## TRY IT
For each entry below, output it exactly as it stands.

[Collected data]
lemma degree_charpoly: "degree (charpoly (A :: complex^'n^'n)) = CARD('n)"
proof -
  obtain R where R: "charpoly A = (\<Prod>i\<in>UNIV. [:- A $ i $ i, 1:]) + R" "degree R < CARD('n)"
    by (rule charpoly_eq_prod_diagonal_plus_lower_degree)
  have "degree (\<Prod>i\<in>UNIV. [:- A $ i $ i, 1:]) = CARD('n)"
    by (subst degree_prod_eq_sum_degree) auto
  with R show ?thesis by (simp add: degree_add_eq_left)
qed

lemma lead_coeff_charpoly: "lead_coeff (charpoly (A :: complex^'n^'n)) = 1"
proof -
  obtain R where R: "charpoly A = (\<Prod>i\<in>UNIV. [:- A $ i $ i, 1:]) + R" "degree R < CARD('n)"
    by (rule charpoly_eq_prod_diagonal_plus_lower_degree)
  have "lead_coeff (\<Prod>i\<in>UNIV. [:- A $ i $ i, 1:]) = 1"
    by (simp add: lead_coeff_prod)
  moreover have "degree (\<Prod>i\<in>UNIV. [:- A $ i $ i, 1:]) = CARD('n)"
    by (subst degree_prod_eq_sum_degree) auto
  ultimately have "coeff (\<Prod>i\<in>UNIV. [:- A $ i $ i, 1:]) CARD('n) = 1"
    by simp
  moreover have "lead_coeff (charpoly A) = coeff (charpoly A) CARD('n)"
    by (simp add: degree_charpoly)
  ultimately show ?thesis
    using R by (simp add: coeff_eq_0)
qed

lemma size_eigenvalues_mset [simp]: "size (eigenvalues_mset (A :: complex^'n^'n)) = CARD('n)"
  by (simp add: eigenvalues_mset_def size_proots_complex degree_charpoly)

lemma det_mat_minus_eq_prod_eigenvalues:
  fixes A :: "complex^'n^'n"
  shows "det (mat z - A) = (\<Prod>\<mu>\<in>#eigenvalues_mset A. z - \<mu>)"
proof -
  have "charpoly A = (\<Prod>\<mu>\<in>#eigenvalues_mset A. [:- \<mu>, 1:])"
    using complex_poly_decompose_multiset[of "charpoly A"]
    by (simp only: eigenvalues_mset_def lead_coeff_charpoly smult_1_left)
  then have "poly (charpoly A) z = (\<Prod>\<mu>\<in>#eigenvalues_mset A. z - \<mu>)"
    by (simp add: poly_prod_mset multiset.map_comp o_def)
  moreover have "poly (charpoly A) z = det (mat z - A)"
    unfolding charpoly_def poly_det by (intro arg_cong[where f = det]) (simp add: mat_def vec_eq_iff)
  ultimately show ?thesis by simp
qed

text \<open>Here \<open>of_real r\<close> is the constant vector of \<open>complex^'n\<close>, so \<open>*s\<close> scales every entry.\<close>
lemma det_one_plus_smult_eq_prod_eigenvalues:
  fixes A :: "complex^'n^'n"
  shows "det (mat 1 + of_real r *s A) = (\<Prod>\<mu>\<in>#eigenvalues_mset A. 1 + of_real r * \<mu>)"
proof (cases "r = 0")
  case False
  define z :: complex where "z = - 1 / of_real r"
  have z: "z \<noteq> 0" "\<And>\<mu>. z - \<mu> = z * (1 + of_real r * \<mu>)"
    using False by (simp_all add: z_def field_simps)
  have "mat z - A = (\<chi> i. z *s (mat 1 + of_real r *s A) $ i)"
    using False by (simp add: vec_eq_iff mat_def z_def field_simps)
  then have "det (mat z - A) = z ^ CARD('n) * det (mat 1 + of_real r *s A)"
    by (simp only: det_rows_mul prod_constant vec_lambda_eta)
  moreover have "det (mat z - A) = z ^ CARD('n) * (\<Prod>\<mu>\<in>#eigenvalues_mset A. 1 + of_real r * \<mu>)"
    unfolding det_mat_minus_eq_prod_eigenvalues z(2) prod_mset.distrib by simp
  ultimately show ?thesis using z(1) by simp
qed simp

## COMPLETED EXERCISE
lemma degree_charpoly: "degree (charpoly (A :: complex^'n^'n)) = CARD('n)"
proof -
  obtain R where R: "charpoly A = (\<Prod>i\<in>UNIV. [:- A $ i $ i, 1:]) + R" "degree R < CARD('n)"
    by (rule charpoly_eq_prod_diagonal_plus_lower_degree)
  have "degree (\<Prod>i\<in>UNIV. [:- A $ i $ i, 1:]) = CARD('n)"
    by (subst degree_prod_eq_sum_degree) auto
  with R show ?thesis by (simp add: degree_add_eq_left)
qed

lemma lead_coeff_charpoly: "lead_coeff (charpoly (A :: complex^'n^'n)) = 1"
proof -
  obtain R where R: "charpoly A = (\<Prod>i\<in>UNIV. [:- A $ i $ i, 1:]) + R" "degree R < CARD('n)"
    by (rule charpoly_eq_prod_diagonal_plus_lower_degree)
  have "lead_coeff (\<Prod>i\<in>UNIV. [:- A $ i $ i, 1:]) = 1"
    by (simp add: lead_coeff_prod)
  moreover have "degree (\<Prod>i\<in>UNIV. [:- A $ i $ i, 1:]) = CARD('n)"
    by (subst degree_prod_eq_sum_degree) auto
  ultimately have "coeff (\<Prod>i\<in>UNIV. [:- A $ i $ i, 1:]) CARD('n) = 1"
    by simp
  moreover have "lead_coeff (charpoly A) = coeff (charpoly A) CARD('n)"
    by (simp add: degree_charpoly)
  ultimately show ?thesis
    using R by (simp add: coeff_eq_0)
qed

lemma size_eigenvalues_mset [simp]: "size (eigenvalues_mset (A :: complex^'n^'n)) = CARD('n)"
  by (simp add: eigenvalues_mset_def size_proots_complex degree_charpoly)

lemma det_mat_minus_eq_prod_eigenvalues:
  fixes A :: "complex^'n^'n"
  shows "det (mat z - A) = (\<Prod>\<mu>\<in>#eigenvalues_mset A. z - \<mu>)"
proof -
  have "charpoly A = (\<Prod>\<mu>\<in>#eigenvalues_mset A. [:- \<mu>, 1:])"
    using complex_poly_decompose_multiset[of "charpoly A"]
    by (simp only: eigenvalues_mset_def lead_coeff_charpoly smult_1_left)
  then have "poly (charpoly A) z = (\<Prod>\<mu>\<in>#eigenvalues_mset A. z - \<mu>)"
    by (simp add: poly_prod_mset multiset.map_comp o_def)
  moreover have "poly (charpoly A) z = det (mat z - A)"
    unfolding charpoly_def poly_det by (intro arg_cong[where f = det]) (simp add: mat_def vec_eq_iff)
  ultimately show ?thesis by simp
qed

text \<open>Here \<open>of_real r\<close> is the constant vector of \<open>complex^'n\<close>, so \<open>*s\<close> scales every entry.\<close>
lemma det_one_plus_smult_eq_prod_eigenvalues:
  fixes A :: "complex^'n^'n"
  shows "det (mat 1 + of_real r *s A) = (\<Prod>\<mu>\<in>#eigenvalues_mset A. 1 + of_real r * \<mu>)"
proof (cases "r = 0")
  case False
  define z :: complex where "z = - 1 / of_real r"
  have z: "z \<noteq> 0" "\<And>\<mu>. z - \<mu> = z * (1 + of_real r * \<mu>)"
    using False by (simp_all add: z_def field_simps)
  have "mat z - A = (\<chi> i. z *s (mat 1 + of_real r *s A) $ i)"
    using False by (simp add: vec_eq_iff mat_def z_def field_simps)
  then have "det (mat z - A) = z ^ CARD('n) * det (mat 1 + of_real r *s A)"
    by (simp only: det_rows_mul prod_constant vec_lambda_eta)
  moreover have "det (mat z - A) = z ^ CARD('n) * (\<Prod>\<mu>\<in>#eigenvalues_mset A. 1 + of_real r * \<mu>)"
    unfolding det_mat_minus_eq_prod_eigenvalues z(2) prod_mset.distrib by simp
  ultimately show ?thesis using z(1) by simp
qed simp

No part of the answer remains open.